═══ TASK INPUT ═══
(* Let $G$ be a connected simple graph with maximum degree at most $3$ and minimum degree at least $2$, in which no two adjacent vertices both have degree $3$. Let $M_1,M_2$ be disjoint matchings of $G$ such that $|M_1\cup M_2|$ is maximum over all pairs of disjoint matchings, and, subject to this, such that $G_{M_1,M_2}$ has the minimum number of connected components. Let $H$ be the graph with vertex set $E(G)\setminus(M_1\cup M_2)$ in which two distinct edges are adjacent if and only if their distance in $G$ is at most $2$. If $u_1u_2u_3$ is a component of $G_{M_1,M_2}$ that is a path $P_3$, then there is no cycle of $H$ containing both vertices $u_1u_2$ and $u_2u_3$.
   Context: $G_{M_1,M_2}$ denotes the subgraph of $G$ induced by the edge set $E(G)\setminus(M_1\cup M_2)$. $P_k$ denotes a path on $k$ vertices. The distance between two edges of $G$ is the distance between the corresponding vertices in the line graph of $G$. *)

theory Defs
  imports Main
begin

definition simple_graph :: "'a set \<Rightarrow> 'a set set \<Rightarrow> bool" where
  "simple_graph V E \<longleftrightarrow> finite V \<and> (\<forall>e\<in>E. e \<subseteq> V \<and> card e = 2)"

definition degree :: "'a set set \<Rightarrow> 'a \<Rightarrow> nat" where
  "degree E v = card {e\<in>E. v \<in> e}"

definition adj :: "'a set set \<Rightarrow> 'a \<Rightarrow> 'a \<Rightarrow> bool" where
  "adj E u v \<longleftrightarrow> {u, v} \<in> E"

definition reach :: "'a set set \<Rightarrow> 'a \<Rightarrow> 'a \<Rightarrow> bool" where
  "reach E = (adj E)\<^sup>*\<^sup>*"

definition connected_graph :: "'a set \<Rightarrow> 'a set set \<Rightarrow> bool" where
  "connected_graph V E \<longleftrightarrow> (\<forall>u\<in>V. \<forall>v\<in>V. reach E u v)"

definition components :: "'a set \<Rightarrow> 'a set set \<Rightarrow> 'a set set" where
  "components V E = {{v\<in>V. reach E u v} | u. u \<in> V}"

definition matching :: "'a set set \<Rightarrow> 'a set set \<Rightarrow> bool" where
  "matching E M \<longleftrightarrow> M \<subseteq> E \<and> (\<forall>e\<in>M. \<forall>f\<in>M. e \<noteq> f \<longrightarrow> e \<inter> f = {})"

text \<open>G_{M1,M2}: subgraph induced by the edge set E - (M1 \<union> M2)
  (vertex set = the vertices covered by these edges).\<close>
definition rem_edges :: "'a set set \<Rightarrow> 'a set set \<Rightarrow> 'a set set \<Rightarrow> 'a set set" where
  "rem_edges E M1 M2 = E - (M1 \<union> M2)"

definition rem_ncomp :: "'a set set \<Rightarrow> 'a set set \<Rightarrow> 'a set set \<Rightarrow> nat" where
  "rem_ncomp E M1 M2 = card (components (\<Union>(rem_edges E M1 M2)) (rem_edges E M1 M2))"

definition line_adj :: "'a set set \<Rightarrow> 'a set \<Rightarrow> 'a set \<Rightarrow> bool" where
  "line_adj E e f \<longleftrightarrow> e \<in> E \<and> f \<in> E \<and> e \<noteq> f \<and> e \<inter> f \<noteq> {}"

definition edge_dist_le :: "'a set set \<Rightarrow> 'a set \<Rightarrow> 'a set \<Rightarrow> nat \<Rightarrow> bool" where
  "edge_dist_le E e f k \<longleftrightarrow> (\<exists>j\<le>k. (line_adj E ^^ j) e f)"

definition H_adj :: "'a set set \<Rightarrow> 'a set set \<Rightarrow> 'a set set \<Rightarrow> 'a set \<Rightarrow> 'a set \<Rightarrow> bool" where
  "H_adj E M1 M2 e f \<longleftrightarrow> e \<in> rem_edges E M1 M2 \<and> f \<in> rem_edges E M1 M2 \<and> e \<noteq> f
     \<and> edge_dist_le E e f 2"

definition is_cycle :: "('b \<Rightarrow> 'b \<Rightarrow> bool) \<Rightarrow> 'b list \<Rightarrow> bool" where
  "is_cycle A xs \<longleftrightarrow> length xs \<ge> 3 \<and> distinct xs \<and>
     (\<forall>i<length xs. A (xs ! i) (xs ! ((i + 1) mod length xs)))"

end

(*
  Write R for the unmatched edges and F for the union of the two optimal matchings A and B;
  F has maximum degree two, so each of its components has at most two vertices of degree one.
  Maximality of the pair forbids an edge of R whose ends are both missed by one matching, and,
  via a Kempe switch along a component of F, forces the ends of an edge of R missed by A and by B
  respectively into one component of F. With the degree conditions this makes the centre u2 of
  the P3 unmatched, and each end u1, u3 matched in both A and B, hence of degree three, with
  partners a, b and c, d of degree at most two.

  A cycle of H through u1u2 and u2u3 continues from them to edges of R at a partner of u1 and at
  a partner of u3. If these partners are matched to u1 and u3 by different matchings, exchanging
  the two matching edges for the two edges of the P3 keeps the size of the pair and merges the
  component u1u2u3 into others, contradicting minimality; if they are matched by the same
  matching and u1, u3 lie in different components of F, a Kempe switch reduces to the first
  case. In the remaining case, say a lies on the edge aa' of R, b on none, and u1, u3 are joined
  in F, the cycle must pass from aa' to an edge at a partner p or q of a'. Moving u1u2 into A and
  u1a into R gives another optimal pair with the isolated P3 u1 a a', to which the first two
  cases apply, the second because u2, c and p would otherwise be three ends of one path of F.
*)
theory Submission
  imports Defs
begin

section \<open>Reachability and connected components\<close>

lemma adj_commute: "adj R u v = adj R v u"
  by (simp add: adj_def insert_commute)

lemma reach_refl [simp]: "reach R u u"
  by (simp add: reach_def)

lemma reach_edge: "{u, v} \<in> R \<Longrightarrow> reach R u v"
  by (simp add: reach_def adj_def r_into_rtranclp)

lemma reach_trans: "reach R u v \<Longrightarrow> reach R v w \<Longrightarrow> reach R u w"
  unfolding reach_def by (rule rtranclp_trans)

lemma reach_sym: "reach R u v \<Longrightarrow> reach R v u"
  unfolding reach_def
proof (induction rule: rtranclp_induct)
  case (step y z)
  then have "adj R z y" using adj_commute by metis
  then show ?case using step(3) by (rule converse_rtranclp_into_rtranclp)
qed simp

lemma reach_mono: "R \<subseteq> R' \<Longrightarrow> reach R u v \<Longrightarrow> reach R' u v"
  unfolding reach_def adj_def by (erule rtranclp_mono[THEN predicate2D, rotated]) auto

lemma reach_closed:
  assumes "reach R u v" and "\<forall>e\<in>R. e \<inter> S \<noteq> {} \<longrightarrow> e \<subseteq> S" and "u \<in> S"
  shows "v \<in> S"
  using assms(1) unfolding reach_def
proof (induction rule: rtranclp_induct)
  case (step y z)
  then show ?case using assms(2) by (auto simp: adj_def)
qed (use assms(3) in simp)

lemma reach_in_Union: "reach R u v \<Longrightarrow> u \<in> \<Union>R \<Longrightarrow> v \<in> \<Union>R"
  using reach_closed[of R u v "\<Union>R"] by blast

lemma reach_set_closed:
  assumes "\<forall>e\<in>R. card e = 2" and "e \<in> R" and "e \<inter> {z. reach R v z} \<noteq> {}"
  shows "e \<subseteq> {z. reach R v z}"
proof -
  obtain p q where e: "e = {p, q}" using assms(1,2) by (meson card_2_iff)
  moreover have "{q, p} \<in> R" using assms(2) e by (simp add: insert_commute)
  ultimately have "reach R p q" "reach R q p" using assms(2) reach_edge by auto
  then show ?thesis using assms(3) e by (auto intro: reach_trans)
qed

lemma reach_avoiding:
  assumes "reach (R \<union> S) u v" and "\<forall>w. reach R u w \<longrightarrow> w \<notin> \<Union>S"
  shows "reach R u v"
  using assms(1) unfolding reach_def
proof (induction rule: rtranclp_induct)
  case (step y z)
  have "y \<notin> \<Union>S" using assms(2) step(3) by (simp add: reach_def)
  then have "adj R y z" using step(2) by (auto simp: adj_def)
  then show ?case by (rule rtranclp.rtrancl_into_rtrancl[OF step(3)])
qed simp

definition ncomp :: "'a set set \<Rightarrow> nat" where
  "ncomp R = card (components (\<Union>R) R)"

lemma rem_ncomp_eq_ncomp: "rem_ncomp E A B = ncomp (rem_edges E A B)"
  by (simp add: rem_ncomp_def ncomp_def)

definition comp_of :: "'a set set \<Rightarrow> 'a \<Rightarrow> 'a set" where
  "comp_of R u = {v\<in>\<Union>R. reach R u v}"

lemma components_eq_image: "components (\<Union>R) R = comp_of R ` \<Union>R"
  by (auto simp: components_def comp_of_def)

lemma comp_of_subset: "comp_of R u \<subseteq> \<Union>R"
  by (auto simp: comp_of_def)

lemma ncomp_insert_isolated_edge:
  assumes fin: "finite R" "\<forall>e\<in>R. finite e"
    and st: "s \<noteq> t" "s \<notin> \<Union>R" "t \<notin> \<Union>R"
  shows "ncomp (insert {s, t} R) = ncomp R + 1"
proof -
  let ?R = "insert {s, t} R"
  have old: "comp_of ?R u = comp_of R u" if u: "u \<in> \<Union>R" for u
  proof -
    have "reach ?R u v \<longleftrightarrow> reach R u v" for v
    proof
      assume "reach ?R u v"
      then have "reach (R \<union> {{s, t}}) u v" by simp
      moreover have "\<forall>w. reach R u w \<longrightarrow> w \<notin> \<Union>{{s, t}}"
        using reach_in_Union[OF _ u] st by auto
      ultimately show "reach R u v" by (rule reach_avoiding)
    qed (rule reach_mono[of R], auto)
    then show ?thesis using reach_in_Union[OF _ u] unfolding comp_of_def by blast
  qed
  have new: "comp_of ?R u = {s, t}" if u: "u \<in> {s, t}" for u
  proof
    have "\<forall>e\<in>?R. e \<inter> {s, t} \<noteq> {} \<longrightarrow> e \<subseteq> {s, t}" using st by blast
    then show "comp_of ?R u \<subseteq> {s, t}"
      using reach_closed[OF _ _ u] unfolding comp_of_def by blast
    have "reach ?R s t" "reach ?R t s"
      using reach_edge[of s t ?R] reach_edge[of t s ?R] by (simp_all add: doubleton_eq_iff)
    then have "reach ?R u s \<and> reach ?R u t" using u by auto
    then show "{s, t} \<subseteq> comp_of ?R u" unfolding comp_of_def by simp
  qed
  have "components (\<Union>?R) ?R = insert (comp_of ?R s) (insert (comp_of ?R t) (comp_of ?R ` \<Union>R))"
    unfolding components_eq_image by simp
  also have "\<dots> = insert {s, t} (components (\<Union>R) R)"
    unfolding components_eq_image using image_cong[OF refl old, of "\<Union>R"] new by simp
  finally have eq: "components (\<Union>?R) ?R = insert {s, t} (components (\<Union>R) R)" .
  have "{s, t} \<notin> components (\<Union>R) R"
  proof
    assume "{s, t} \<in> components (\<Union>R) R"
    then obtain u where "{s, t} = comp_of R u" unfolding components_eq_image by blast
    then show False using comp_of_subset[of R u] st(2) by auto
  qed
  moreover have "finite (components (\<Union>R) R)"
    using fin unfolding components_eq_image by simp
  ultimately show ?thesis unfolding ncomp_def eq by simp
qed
═══
═══ TASK INPUT ═══
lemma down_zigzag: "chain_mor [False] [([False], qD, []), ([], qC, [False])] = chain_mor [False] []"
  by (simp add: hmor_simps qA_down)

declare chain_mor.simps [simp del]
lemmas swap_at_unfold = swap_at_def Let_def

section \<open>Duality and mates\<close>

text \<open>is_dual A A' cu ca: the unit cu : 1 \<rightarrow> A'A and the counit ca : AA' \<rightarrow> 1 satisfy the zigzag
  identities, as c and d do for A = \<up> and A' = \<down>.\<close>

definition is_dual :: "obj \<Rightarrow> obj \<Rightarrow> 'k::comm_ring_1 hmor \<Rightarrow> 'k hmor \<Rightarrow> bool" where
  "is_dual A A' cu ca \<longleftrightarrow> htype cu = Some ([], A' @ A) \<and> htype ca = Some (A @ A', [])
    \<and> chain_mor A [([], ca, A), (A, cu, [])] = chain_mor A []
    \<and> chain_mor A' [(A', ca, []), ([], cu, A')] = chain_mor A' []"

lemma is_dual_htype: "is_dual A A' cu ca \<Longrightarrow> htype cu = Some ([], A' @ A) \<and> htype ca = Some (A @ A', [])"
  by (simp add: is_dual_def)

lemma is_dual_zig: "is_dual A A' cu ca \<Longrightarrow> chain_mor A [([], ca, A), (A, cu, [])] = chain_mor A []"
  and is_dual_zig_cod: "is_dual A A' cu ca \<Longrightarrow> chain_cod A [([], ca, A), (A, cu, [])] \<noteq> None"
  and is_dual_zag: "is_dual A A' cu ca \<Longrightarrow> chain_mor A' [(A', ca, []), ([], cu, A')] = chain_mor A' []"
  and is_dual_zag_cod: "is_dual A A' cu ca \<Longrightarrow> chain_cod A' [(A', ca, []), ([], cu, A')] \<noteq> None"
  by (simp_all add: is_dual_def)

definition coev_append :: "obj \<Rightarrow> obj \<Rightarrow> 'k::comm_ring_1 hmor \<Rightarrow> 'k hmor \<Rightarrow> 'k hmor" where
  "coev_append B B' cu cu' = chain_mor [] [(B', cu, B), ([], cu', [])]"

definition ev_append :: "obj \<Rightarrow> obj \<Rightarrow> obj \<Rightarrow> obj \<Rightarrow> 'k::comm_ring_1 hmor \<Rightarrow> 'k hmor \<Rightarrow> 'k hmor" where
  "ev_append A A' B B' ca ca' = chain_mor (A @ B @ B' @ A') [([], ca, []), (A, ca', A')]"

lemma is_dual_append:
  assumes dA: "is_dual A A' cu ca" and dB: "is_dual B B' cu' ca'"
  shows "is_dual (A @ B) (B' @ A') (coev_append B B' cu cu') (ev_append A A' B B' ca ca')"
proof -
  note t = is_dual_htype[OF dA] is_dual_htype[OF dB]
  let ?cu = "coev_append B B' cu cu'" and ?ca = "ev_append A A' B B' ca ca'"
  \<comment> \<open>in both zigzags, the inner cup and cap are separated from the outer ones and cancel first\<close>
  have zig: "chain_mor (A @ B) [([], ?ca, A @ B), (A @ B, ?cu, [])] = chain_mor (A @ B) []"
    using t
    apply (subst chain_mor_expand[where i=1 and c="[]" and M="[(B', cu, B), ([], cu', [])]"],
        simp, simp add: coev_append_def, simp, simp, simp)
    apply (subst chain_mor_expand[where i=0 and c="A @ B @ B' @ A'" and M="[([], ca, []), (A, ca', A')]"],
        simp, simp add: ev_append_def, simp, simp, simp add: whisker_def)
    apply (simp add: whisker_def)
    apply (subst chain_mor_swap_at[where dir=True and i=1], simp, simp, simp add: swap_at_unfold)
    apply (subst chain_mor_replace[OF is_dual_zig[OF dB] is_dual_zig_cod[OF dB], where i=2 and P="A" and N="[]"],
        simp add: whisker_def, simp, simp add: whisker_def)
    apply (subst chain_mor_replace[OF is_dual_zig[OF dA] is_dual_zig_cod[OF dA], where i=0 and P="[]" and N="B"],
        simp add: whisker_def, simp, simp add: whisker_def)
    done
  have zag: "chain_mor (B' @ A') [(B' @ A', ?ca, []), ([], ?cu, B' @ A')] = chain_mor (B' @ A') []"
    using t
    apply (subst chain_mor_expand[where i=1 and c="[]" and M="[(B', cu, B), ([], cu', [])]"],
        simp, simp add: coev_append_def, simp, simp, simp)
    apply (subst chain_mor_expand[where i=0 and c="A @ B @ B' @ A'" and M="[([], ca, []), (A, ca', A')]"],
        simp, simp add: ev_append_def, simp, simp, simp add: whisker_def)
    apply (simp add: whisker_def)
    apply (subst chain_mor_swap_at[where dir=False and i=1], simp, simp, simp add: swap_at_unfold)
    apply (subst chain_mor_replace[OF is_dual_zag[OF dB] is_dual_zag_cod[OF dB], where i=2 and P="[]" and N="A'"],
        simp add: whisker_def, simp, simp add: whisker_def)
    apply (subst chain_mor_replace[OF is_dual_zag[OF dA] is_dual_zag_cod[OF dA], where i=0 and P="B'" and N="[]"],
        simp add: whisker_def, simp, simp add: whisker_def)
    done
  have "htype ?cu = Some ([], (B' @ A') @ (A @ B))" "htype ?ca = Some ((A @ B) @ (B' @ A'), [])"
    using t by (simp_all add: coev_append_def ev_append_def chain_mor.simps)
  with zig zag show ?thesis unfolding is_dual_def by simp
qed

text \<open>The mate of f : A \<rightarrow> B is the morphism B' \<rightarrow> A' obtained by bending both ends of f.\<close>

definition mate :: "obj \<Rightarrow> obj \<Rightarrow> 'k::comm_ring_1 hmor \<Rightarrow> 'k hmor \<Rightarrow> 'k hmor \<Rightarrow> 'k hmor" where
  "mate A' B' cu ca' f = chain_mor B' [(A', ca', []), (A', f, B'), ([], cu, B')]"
═══
TASK DIRECTIONS:
Lines of the data above that include the string "both" must each be copied.

SOLUTION TO THE PROBLEM:
(* Let $G$ be a connected simple graph with maximum degree at most $3$ and minimum degree at least $2$, in which no two adjacent vertices both have degree $3$. Let $M_1,M_2$ be disjoint matchings of $G$ such that $|M_1\cup M_2|$ is maximum over all pairs of disjoint matchings, and, subject to this, such that $G_{M_1,M_2}$ has the minimum number of connected components. Let $H$ be the graph with vertex set $E(G)\setminus(M_1\cup M_2)$ in which two distinct edges are adjacent if and only if their distance in $G$ is at most $2$. If $u_1u_2u_3$ is a component of $G_{M_1,M_2}$ that is a path $P_3$, then there is no cycle of $H$ containing both vertices $u_1u_2$ and $u_2u_3$.
  Maximality of the pair forbids an edge of R whose ends are both missed by one matching, and,
  the P3 unmatched, and each end u1, u3 matched in both A and B, hence of degree three, with
  \<comment> \<open>in both zigzags, the inner cup and cap are separated from the outer ones and cancel first\<close>
text \<open>The mate of f : A \<rightarrow> B is the morphism B' \<rightarrow> A' obtained by bending both ends of f.\<close>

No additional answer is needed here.